N. C. Karunya is an Indian playback singer, stage performer, YouTuber, songwriter, and TV show host. His rise to fame was the reality show Indian Idol (Season 2) on Sony Entertainment Television. After Indian Idol he became a recording artist by singing for more than 200 projects in Hindi, Telugu, Tamil, Kannada and Bengali but his mainstay has been Telugu, his mother tongue. He has also hosted various musical reality shows. In 2017, he launched his own YouTube channel and started releasing singles composed, written, and arranged by himself.

Early life and career

N.C.Karunya was born on 1 March 1986, to N. C. Madhu and P. Janaki in Hyderabad, India. He has been training in Carnatic classical under his Guru, "Vaaggeya Vidwanmani" Sri N.C. Murthy since the year 2000 and still continues to do so.

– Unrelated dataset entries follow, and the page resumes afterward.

lemma pg_finite_linear_space:
  "finite_linear_space (pg_points n :: (nat \<Rightarrow> 'a::{finite,field}) set set) (pg_lines n) (\<subseteq>) CARD('a)"
proof
  show "finite (pg_points n :: (nat \<Rightarrow> 'a) set set)" "finite (pg_lines n :: (nat \<Rightarrow> 'a) set set)"
    by (rule finite_pg_points, rule finite_pg_lines)
  show "1 \<le> CARD('a)" by (simp add: Suc_leI)
  show "card {P \<in> pg_points n. P \<subseteq> L} = CARD('a) + 1" if "L \<in> pg_lines n" for L :: "(nat \<Rightarrow> 'a) set"
    using that by (rule card_points_on_line)
  show "card {L \<in> pg_lines n. P \<subseteq> L \<and> Q \<subseteq> L} = 1"
    if "P \<in> pg_points n" "Q \<in> pg_points n" "P \<noteq> Q" for P Q :: "(nat \<Rightarrow> 'a) set"
    using that by (rule card_lines_through_two_points)
qed

lemma card_pg_points_real:
  assumes "n \<ge> 1"
  shows "(real CARD('a) - 1) * real (card (pg_points n :: (nat \<Rightarrow> 'a::{finite,field}) set set))
           = real CARD('a) * real CARD('a) * real CARD('a) ^ (n - 1) - 1"
proof -
  have "CARD('a) \<ge> 1" by (simp add: Suc_leI finite_UNIV_card_ge_0)
  then have "real (card (pg_points n :: (nat \<Rightarrow> 'a) set set) * (CARD('a) - 1))
      = real (CARD('a) ^ Suc n - 1)"
    using card_pg_points[where n = n, where 'a = 'a] by simp
  then have "real (card (pg_points n :: (nat \<Rightarrow> 'a) set set)) * (real CARD('a) - 1)
      = real CARD('a) ^ Suc n - 1"
    using \<open>CARD('a) \<ge> 1\<close> by (simp add: of_nat_diff)
  moreover have "real CARD('a) ^ Suc n = real CARD('a) * real CARD('a) * real CARD('a) ^ (n - 1)"
    using assms by (cases n) auto
  ultimately show ?thesis by (simp add: mult.commute)
qed

text \<open>If e is maximal with lines meeting B in 1 mod p^e points, some line meets B in
  more than one point: otherwise every modulus would do.\<close>
lemma maximal_modulus_secant:
  assumes "\<forall>e'. lines_meet_one_mod n B (p ^ e') \<longrightarrow> e' \<le> e"
  shows "\<exists>L \<in> pg_lines n. card {P \<in> B. P \<subseteq> L} \<noteq> 1"
proof (rule ccontr)
  assume "\<not> ?thesis"
  then have "lines_meet_one_mod n B (p ^ Suc e)" unfolding lines_meet_one_mod_def by auto
  then show False using assms by fastforce
qed

theorem theorem2:
  fixes B :: "(nat \<Rightarrow> 'a::{finite,field}) set set"
    and n p h e :: nat
  assumes "n \<ge> 2"
    and "prime p" and "h \<ge> 1" and "CARD('a) = p ^ h"
    and "minimal_blocking_set n B"
    and "lines_meet_one_mod n B (p ^ e)"
    and "\<forall>e'. lines_meet_one_mod n B (p ^ e') \<longrightarrow> e' \<le> e"
    and "p ^ e > 3"
    and "((real CARD('a)) ^ n - 1) / (real CARD('a) - 1) < real (card B)"
    and "card B < 2 * CARD('a) ^ (n - 1)"
  shows "real (card B) \<le> real CARD('a) ^ (n - 1) + 2 * real CARD('a) ^ (n - 1) / real p ^ e"
proof -
  interpret pg: finite_linear_space "pg_points n :: (nat \<Rightarrow> 'a) set set" "pg_lines n" "(\<subseteq>)" "CARD('a)"
    by (rule pg_finite_linear_space)
  have B: "B \<subseteq> pg_points n"
    using assms(5) by (simp add: minimal_blocking_set_def blocking_set_def)
  have one_mod: "card {P \<in> B. P \<subseteq> L} mod p ^ e = 1" if "L \<in> pg_lines n" for L
  proof -
    have "1 mod p ^ e = (1::nat)" using assms(8) by (intro mod_less) simp
    then show ?thesis using assms(6) that unfolding lines_meet_one_mod_def by simp
  qed
  obtain L where L: "L \<in> pg_lines n" "card {P \<in> B. P \<subseteq> L} \<noteq> 1"
    using maximal_modulus_secant[OF assms(7)] by blast
  have "p ^ e \<le> CARD('a)" using pg.modulus_le_order[OF B L(1) one_mod[OF L(1)] L(2)] .
  have "real (card B) \<le> real CARD('a) ^ (n - 1) + 2 * real CARD('a) ^ (n - 1) / real (p ^ e)"
  proof (rule size_bound_from_variance[where N = "real (card (pg_points n :: (nat \<Rightarrow> 'a) set set))"
        and r = "real pg.replication"])
    have "4 \<le> p ^ e" using assms(8) by simp
    then show "4 \<le> real (p ^ e)" by (metis of_nat_le_iff of_nat_numeral)
    show "real (p ^ e) \<le> real CARD('a)" using \<open>p ^ e \<le> CARD('a)\<close> by (simp only: of_nat_le_iff)
    show "real CARD('a) \<le> real CARD('a) ^ (n - 1)"
      using assms(1) \<open>p ^ e \<le> CARD('a)\<close> by (simp add: self_le_power)
    show "(real CARD('a) - 1) * real (card (pg_points n :: (nat \<Rightarrow> 'a) set set))
        = real CARD('a) * real CARD('a) * real CARD('a) ^ (n - 1) - 1"
      using assms(1) by (intro card_pg_points_real) simp
    show "real (card (pg_points n :: (nat \<Rightarrow> 'a) set set)) = real pg.replication * real CARD('a) + 1"
      using pg.card_points[OF L(1)] by simp
    show "real (card B) < 2 * real CARD('a) ^ (n - 1)"
      using assms(10) by (metis of_nat_less_iff of_nat_mult of_nat_numeral of_nat_power)
  qed (use pg.variance_inequality[OF B one_mod] in simp)
  then show ?thesis by simp
qed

He was the winner of Padutha Theeyaga Junior series, 1998. N.C. Karunya was a participant of the second season of Indian Idol. He was placed as a runner up to fellow contestant, Sandeep Acharya. Karunya hosted the reality show Little Champs on Zee Telugu, Airtel "Saptaswaralu", on ETV, Vijetha-Voice of Andhra on local TV with M. M. Keeravani as the judge and Super Singer 8, on Maa TV with again M. M. Keeravani and also Smt. K.S.Chitra as the judges.

Films 
After the end of Indian Idol 2, Karunya was called for an audition by Vidhu Vinod Chopra for Lage Raho Munnabhai. He began his playback career by singing for Sanjay Dutt. Then he sang a song in Jai Santoshi Maa for Anu Malik. After that, he went to Hyderabad to meet members of the Telugu film industry who rooted for him during "Indian Idol". In that series of meetings when he met Jr. NTR , he was offered his first Telugu hit "Ekaantangaa unna" by NTR himself, a song composed by Mani Sharma, for the film Ashok. After this song, he went on to record songs like "Orugalluke Pilla" from the film Sainikudu, Enduko from Chirutha, "123 Nenoka Kantri" from Kantri, Ammayi Kitiki Pakkana from Maryada Ramanna, Om Namo Siva Rudraya from Khaleja, Oola Oolala Ala from Orange, Vayyarala jabilli from Pawan Kalyan's Teenmar, "Andam andam" from Vetadu-Ventadu, composed by Yuvan Shankar Raja, starring Vishal (actor), "Meher meher" from "D for Dopidi", "Suvvi Suvvaalamma" from the movie Loafer, two songs for "It's my love story" and many more.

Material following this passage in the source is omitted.